If you don't believe me, look at what the decisionmakers actually *do*, instead of what they say. Do we have control of our borders? Do illegal immigrants and drugs have a hard time getting through? Is FEMA or someone ready to sweep in and rescue a city hit by some devastating terrorist attack? Are we even bothering to refuse entry to obvious security risks? Was the aftermath of the failure of CIA and FBI on 9/11 even to fire anyone or cut anyone's funding?
Dealing with those things would have few political benefits, and many political costs. So they don't get done.
Start with "whom should NOT be profiled" than with "whom should be profiled".

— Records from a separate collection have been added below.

lemma solvesS_imp_solvesP:
  assumes "0 < \<alpha>" "j \<noteq> 0" "continuous_on UNIV V" "periodic1 V"
    and N: "\<forall>k\<in>{1..n}. p k ^ 2 + q k ^ 2 > 0"
    and inC: "inC n V a b" and S: "solvesS \<alpha> j n V p q a b"
  shows "solvesP \<alpha> j V (trig n p q) (coeff_density \<alpha> j n V a b) (a 0 - p 0)"
proof -
  define m where "m = coeff_density \<alpha> j n V a b"
  have m1: "integral {0..1} m = 1"
    and coeffs: "\<And>k. k \<in> {1..n} \<Longrightarrow>
      fourier_cos m k = (p k * a k + q k * b k) / (p k ^ 2 + q k ^ 2) \<and>
      fourier_sin m k = (p k * b k - q k * a k) / (p k ^ 2 + q k ^ 2)"
    using S unfolding solvesS_iff_fourier_coeffs[OF assms(1,3) inC] m_def by auto
  have contT: "contT m" and m_pos: "\<And>x. 0 < m x"
    unfolding m_def using contT_coeff_density[OF assms(3,4) inC] coeff_density_pos[OF assms(2) inC]
    by auto
  define A where "A = (\<lambda>k. p k * fourier_cos m k - q k * fourier_sin m k)"
  define B where "B = (\<lambda>k. p k * fourier_sin m k + q k * fourier_cos m k)"
  have "a k = A k \<and> b k = B k" if "k \<in> {1..n}" for k
  proof -
    have "p k ^ 2 + q k ^ 2 \<noteq> 0"
      using N that by force
    from rotation_inverse_iff[OF this, of "a k" "fourier_cos m k" "fourier_sin m k" "b k"]
    show ?thesis
      using coeffs[OF that] by (simp add: A_def B_def)
  qed
  then have "trig n a b x = trig n A B x + (a 0 - p 0)" for x
    using trig_eq_shift[of n a A b B x] m1 by (simp add: A_def)
  moreover have "integral {0..1} (\<lambda>y. trig n p q (x - y) * m y) = trig n A B x" for x
    unfolding A_def B_def using contT
    by (intro integral_trig_convolution) (auto simp: contT_def intro: continuous_on_subset)
  ultimately have "integral {0..1} (\<lambda>y. trig n p q (x - y) * m y) = trig n a b x - (a 0 - p 0)" for x
    by simp
  moreover have "j\<^sup>2 / (2 * m x powr \<alpha>) = trig n a b x - V x" for x
    using cj_div_powr_eq_iff[OF assms(1,2) m_pos[of x] inC_pos[OF inC, of x]]
    by (simp add: m_def coeff_density_def)
  ultimately have "j\<^sup>2 / (2 * m x powr \<alpha>) + V x
      = integral {0..1} (\<lambda>y. trig n p q (x - y) * m y) + (a 0 - p 0)" for x
    by simp
  then show ?thesis
    unfolding solvesP_def m_def[symmetric] using contT m_pos m1 by blast
qed

lemma C2T_imp_continuous:
  assumes "C2T V"
  shows "continuous_on UNIV V"
proof -
  obtain V' where "\<And>x. (V has_real_derivative V' x) (at x)"
    using assms by (auto simp: C2T_def)
  then show ?thesis
    by (blast intro: continuous_at_imp_continuous_on DERIV_isCont)
qed

theorem proposition4p1:
  fixes \<alpha> j :: real and n :: nat and V :: "real \<Rightarrow> real" and p q :: "nat \<Rightarrow> real"
  assumes "0 < \<alpha>" and "\<alpha> \<le> 2" and "j \<noteq> 0" and "C2T V"
    and "\<forall>k\<in>{1..n}. p k ^ 2 + q k ^ 2 > 0"
  shows "(\<forall>m H. solvesP \<alpha> j V (trig n p q) m H \<longrightarrow>
            (\<exists>a b. inC n V a b \<and> solvesS \<alpha> j n V p q a b \<and>
               (\<forall>x. m x = cj \<alpha> j / (trig n a b x - V x) powr (1 / \<alpha>)) \<and>
               H = a 0 - p 0)) \<and>
         (\<forall>a b. inC n V a b \<and> solvesS \<alpha> j n V p q a b \<longrightarrow>
            solvesP \<alpha> j V (trig n p q)
              (\<lambda>x. cj \<alpha> j / (trig n a b x - V x) powr (1 / \<alpha>)) (a 0 - p 0))"
proof -
  have V: "continuous_on UNIV V" "periodic1 V"
    using C2T_imp_continuous[OF assms(4)] assms(4) by (simp_all add: C2T_def)
  have "\<exists>a b. inC n V a b \<and> solvesS \<alpha> j n V p q a b \<and>
      (\<forall>x. m x = cj \<alpha> j / (trig n a b x - V x) powr (1 / \<alpha>)) \<and> H = a 0 - p 0"
    if P: "solvesP \<alpha> j V (trig n p q) m H" for m H
  proof -
    obtain a b where "inC n V a b" "solvesS \<alpha> j n V p q a b"
        "m = coeff_density \<alpha> j n V a b" "H = a 0 - p 0"
      by (rule solvesP_imp_solvesS[OF assms(1,3) V(1) assms(5) P])
    then show ?thesis
      by (intro exI[of _ a] exI[of _ b]) (simp add: coeff_density_def)
  qed
  moreover have "solvesP \<alpha> j V (trig n p q)
      (\<lambda>x. cj \<alpha> j / (trig n a b x - V x) powr (1 / \<alpha>)) (a 0 - p 0)"
    if "inC n V a b" "solvesS \<alpha> j n V p q a b" for a b
    using solvesS_imp_solvesP[OF assms(1,3) V assms(5) that]
    by (simp add: coeff_density_def[abs_def])
  ultimately show ?thesis
    by blast
qed

end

ReplyDeleteI'm glad to see a Sailer on Schneier post. Bruce Schneier really is a major figure in the computer security field. Since computer security snafus interest me, I used to read his blog on a regular basis. But I gave up after one post too many on profiling. I figured that if he could be so illogical on that topic then I couldn't sensibly trust his judgment on less ideologically charged topics.